**ASSIGNMENT:**
Output exactly the lines from the one with "using root by auto" to the close of the records below, first and last included.

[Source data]
--------

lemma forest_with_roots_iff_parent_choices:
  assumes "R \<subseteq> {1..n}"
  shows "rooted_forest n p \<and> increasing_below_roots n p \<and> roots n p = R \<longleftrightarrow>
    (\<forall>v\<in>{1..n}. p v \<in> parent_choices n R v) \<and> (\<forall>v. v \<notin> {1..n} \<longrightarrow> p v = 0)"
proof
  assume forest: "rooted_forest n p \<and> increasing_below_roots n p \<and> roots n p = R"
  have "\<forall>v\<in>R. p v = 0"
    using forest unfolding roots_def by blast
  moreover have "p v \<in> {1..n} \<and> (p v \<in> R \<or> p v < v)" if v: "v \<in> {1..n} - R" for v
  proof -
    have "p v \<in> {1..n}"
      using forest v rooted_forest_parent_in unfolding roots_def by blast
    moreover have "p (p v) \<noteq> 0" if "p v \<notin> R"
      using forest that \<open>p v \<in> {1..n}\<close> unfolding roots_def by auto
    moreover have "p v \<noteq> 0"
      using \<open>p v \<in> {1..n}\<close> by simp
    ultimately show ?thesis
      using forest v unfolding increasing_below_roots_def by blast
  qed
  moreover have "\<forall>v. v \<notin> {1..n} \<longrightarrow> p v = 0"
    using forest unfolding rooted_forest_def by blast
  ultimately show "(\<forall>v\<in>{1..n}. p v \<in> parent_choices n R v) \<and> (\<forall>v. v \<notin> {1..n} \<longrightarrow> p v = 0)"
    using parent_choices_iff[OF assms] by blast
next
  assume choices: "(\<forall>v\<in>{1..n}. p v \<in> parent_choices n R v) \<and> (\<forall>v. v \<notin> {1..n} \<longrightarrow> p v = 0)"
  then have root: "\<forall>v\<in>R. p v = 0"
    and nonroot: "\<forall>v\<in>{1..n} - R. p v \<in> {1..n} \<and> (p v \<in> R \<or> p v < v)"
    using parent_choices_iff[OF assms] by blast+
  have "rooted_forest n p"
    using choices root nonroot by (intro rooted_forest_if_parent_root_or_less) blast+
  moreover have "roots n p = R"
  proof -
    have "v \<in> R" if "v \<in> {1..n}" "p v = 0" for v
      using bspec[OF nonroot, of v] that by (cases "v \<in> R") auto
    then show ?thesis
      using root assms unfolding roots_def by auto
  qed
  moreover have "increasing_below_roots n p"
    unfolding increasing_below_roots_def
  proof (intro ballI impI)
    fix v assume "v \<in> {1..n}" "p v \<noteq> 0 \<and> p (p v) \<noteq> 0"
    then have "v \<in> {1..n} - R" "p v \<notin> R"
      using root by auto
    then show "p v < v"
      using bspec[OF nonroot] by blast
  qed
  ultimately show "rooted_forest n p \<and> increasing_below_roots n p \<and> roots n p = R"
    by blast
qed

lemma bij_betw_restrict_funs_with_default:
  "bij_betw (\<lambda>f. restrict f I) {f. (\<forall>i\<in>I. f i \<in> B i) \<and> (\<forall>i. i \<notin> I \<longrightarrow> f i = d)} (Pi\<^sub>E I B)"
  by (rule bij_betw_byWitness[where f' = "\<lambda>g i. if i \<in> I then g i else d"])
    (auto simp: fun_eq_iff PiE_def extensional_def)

--------

**ANSWER AREA:**
      using root by auto
    then show "p v < v"
      using bspec[OF nonroot] by blast
  qed
  ultimately show "rooted_forest n p \<and> increasing_below_roots n p \<and> roots n p = R"
    by blast
qed

lemma bij_betw_restrict_funs_with_default:
  "bij_betw (\<lambda>f. restrict f I) {f. (\<forall>i\<in>I. f i \<in> B i) \<and> (\<forall>i. i \<notin> I \<longrightarrow> f i = d)} (Pi\<^sub>E I B)"
  by (rule bij_betw_byWitness[where f' = "\<lambda>g i. if i \<in> I then g i else d"])
    (auto simp: fun_eq_iff PiE_def extensional_def)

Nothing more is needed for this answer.